2. Dump you collected information to a log file of some type. You may be able to just piggyback on the error log, or the access log, or create a new file to accept output.

3. Unfortunately, 2 requires that there is some text format for the HDF. I bet there is one.

4. There are certain utilities that can filter the error log to multiple files (multilog), so using the error.log facility is a good choice.

5. Occasionally process the output files with whatever tools are available for your HDF client/server.

Usint a text file buffer, you can start immediately instead of creating a module specific to AOLserver or Tcl, and you can test each part separately. You also have a transaction log, and you don't have to worry if your HDF software errors out, or if you change software.

Hi Tom,

First, thanks again for your help!!.

Your solution is close to my second alternative:

Another solution is to generate a kind of "ring buffer" (as the Data Turbine Initiative manages), the filter is sending the data to this "ring buffer", and the data from the buffer is saved to a disk. Another process is in charge to transform this data to the HDF format and load in the database the meta-data necessary to track it.

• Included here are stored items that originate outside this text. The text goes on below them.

(* well-formedness: wfst n j p s  -- s is a j-stack (for stacks of order n) all of whose
   positions start with the prefix p = [x_n, ..., x_(j+1)] *)
fun wfst :: "nat \<Rightarrow> nat \<Rightarrow> nat list \<Rightarrow> 'g stk \<Rightarrow> bool" where
  "wfst n 0 p (Zst g x) = (x = p)"
| "wfst n (Suc j) p (Lst ss) =
     (\<forall>i<length ss. ss ! i \<noteq> Lst [] \<and> wfst n j (p @ [Suc i]) (ss ! i))"
| "wfst n _ _ _ = False"

definition nstack :: "nat \<Rightarrow> 'g stk \<Rightarrow> bool" where
  "nstack n s = (wfst n n [] s \<and> s \<noteq> Lst [])"

fun zeros :: "'g stk \<Rightarrow> 'g stk set" where
  "zeros (Zst g x) = {Zst g x}"
| "zeros (Lst ss) = (\<Union>s\<in>set ss. zeros s)"

fun zpos :: "'g stk \<Rightarrow> nat list" where
  "zpos (Zst g x) = x"
| "zpos (Lst ss) = []"

definition positions :: "'g stk \<Rightarrow> nat list set" where
  "positions s = zpos ` zeros s"

fun posdown :: "'g stk \<Rightarrow> 'g stk" where
  "posdown (Zst g x) = Zst g []"
| "posdown (Lst ss) = Lst (map posdown ss)"

fun map_pos :: "(nat list \<Rightarrow> nat list) \<Rightarrow> 'g stk \<Rightarrow> 'g stk" where
  "map_pos f (Zst g x) = Zst g (f x)"
| "map_pos f (Lst ss) = Lst (map (map_pos f) ss)"

(* substack at a location (list of 0-based indices, outermost first) *)
fun at_path :: "'g stk \<Rightarrow> nat list \<Rightarrow> 'g stk option" where
  "at_path s [] = Some s"
| "at_path (Lst ss) (i # is) = (if i < length ss then at_path (ss ! i) is else None)"
| "at_path (Zst g x) (i # is) = None"

fun top_st :: "nat \<Rightarrow> nat \<Rightarrow> 'g stk \<Rightarrow> 'g stk" where
  "top_st 0 k s = s"
| "top_st (Suc m) k (Zst g x) = Zst g x"
| "top_st (Suc m) k (Lst ss) = (if Suc m \<le> k then Lst ss else top_st m k (last ss))"

fun upd_top :: "nat \<Rightarrow> nat \<Rightarrow> ('g stk \<Rightarrow> 'g stk) \<Rightarrow> 'g stk \<Rightarrow> 'g stk" where
  "upd_top 0 k f s = f s"
| "upd_top (Suc m) k f (Zst g x) = Zst g x"
| "upd_top (Suc m) k f (Lst ss) =
     (if Suc m \<le> k then f (Lst ss) else Lst (butlast ss @ [upd_top m k f (last ss)]))"

definition pop_st :: "nat \<Rightarrow> nat \<Rightarrow> 'g stk \<Rightarrow> 'g stk option" where
  "pop_st m k s = (case top_st m k s of
      Lst ss \<Rightarrow> if 2 \<le> length ss then Some (upd_top m k (\<lambda>_. Lst (butlast ss)) s) else None
    | Zst g x \<Rightarrow> None)"

definition set_top_sym :: "nat \<Rightarrow> 'g \<Rightarrow> 'g stk \<Rightarrow> 'g stk" where
  "set_top_sym m \<gamma> s = upd_top m 0 (\<lambda>t. case t of Zst g x \<Rightarrow> Zst \<gamma> x | Lst ss \<Rightarrow> Lst ss) s"

(* push^k_gamma applied to an n-stack; p_{+1} on the copied (k-1)-stack adds 1 to the
   (n-k+1)-th coordinate, i.e. list index n-k *)
definition push_st :: "nat \<Rightarrow> nat \<Rightarrow> 'g \<Rightarrow> 'g stk \<Rightarrow> 'g stk" where
  "push_st n k \<gamma> s = upd_top n k (\<lambda>t. case t of
       Lst ss \<Rightarrow> Lst (ss @ [map_pos (\<lambda>x. x[n - k := Suc (x ! (n - k))])
                                  (set_top_sym (k - 1) \<gamma> (last ss))])
     | Zst g x \<Rightarrow> Zst g x) s"

datatype 'g stack_op = Pop nat | Push nat 'g

datatype ('q, 'a, 'g) trans = Read "'a \<Rightarrow> 'q" | Op 'q "'g stack_op"

fun apply_op :: "nat \<Rightarrow> 'g stack_op \<Rightarrow> 'g stk \<Rightarrow> 'g stk option" where
  "apply_op n (Pop k) s = pop_st n k s"
| "apply_op n (Push k \<gamma>) s = Some (push_st n k \<gamma> s)"

definition dpda :: "nat \<Rightarrow> ('q \<Rightarrow> 'g \<Rightarrow> ('q, 'a, 'g) trans) \<Rightarrow> bool" where
  "dpda n \<delta> = (\<forall>q g. case \<delta> q g of
       Read f \<Rightarrow> inj f
     | Op p (Pop r) \<Rightarrow> 1 \<le> r \<and> r \<le> n
     | Op p (Push r \<gamma>) \<Rightarrow> 1 \<le> r \<and> r \<le> n)"

definition top_sym :: "nat \<Rightarrow> 'g stk \<Rightarrow> 'g" where
  "top_sym n s = (case top_st n 0 s of Zst g x \<Rightarrow> g | Lst ss \<Rightarrow> undefined)"

type_synonym ('q, 'g) config = "'q \<times> 'g stk"

definition step :: "nat \<Rightarrow> ('q \<Rightarrow> 'g \<Rightarrow> ('q, 'a, 'g) trans) \<Rightarrow> ('q, 'g) config \<Rightarrow> ('q, 'g) config \<Rightarrow> bool" where
  "step n \<delta> c c' = (case \<delta> (fst c) (top_sym n (snd c)) of
       Read f \<Rightarrow> snd c' = snd c \<and> (\<exists>a. fst c' = f a)
     | Op p op \<Rightarrow> fst c' = p \<and> apply_op n op (snd c) = Some (snd c'))"

(* a run R = c_0, ..., c_m is a nonempty list of configurations; |R| = length R - 1 *)
definition is_run :: "nat \<Rightarrow> ('q \<Rightarrow> 'g \<Rightarrow> ('q, 'a, 'g) trans) \<Rightarrow> ('q, 'g) config list \<Rightarrow> bool" where
  "is_run n \<delta> R = (R \<noteq> [] \<and> (\<forall>c\<in>set R. nstack n (snd c)) \<and>
      (\<forall>i. Suc i < length R \<longrightarrow> step n \<delta> (R ! i) (R ! Suc i)))"

definition back_pos :: "nat \<Rightarrow> ('q \<Rightarrow> 'g \<Rightarrow> ('q, 'a, 'g) trans) \<Rightarrow> ('q, 'g) config \<Rightarrow> ('q, 'g) config
    \<Rightarrow> nat list \<Rightarrow> nat list" where
  "back_pos n \<delta> c c' x = (case \<delta> (fst c) (top_sym n (snd c)) of
       Op p (Push r \<gamma>) \<Rightarrow>
         (if x \<in> positions (top_st n (r - 1) (snd c')) then x[n - r := x ! (n - r) - 1] else x)
     | _ \<Rightarrow> x)"

fun hpos :: "nat \<Rightarrow> ('q \<Rightarrow> 'g \<Rightarrow> ('q, 'a, 'g) trans) \<Rightarrow> ('q, 'g) config list \<Rightarrow> nat \<Rightarrow> nat list \<Rightarrow> nat list" where
  "hpos n \<delta> R 0 x = x"
| "hpos n \<delta> R (Suc i) x = hpos n \<delta> R i (back_pos n \<delta> (R ! i) (R ! Suc i) x)"

definition hist :: "nat \<Rightarrow> ('q \<Rightarrow> 'g \<Rightarrow> ('q, 'a, 'g) trans) \<Rightarrow> ('q, 'g) config list \<Rightarrow> 'g stk \<Rightarrow> 'g stk" where
  "hist n \<delta> R z = (THE t. t \<in> zeros (snd (hd R)) \<and> zpos t = hpos n \<delta> R (length R - 1) (zpos z))"

(* R is j-upper: hist(R, top^j(R(|R|))) = top^j(R(0)), i.e. top^j(R(0)) is the j-stack of
   R(0) containing the histories of all 0-stacks of top^j(R(|R|)) *)
definition upper :: "nat \<Rightarrow> ('q \<Rightarrow> 'g \<Rightarrow> ('q, 'a, 'g) trans) \<Rightarrow> ('q, 'g) config list \<Rightarrow> nat \<Rightarrow> bool" where
  "upper n \<delta> R j = (\<forall>z\<in>zeros (top_st n j (snd (last R))).
       hist n \<delta> R z \<in> zeros (top_st n j (snd (hd R))))"

definition is_return :: "nat \<Rightarrow> ('q \<Rightarrow> 'g \<Rightarrow> ('q, 'a, 'g) trans) \<Rightarrow> nat \<Rightarrow> ('q, 'g) config list \<Rightarrow> bool" where
  "is_return n \<delta> k R = ((\<exists>P. pop_st n k (snd (hd R)) = Some P \<and>
       (\<forall>z\<in>zeros (top_st n (k - 1) (snd (last R))).
          hist n \<delta> R z \<in> zeros (top_st n (k - 1) P))) \<and>
     (\<forall>i < length R - 1. \<not> upper n \<delta> (drop i R) (k - 1)))"

end

theory Submission
  imports Defs
begin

My only doubt is about the efficiency if is the filter that directly dump the information to the text file, because it'll be requesting I/O access per each request, and with a kind of "ring buffer", the I/O operations could be delayed until to have a pre-configured information amount (as for example 100 connections).

I like the idea to use a trace filter!



The text file is your buffer, with something like multilog, you can have more than one, so you only process the ones that are closed. This provides a separation of writing/reading from the file.

Please note that I have no idea what data you are collecting, but only that eventually everything starts as a string, and Tcl is very good at producing strings. AOLserver is even better at handling strings (including binary data).

But I did look at the HDF, which I found out stands for Hierarchical Data Format, there appears to be a significant amount of up-front data-modeling. If you continue to work on this, it would be very interesting to hear from you on how you use HDF.

The details of applying this to AOLserver (how to use this in a filter) are simple by comparison, so continue to ask for help. A good starting point is simply writing data to a file, even from a Tcl shell, that does what you want, and can be used by whatever downstream tools you choose, after that, adding that to AOLserver is easy.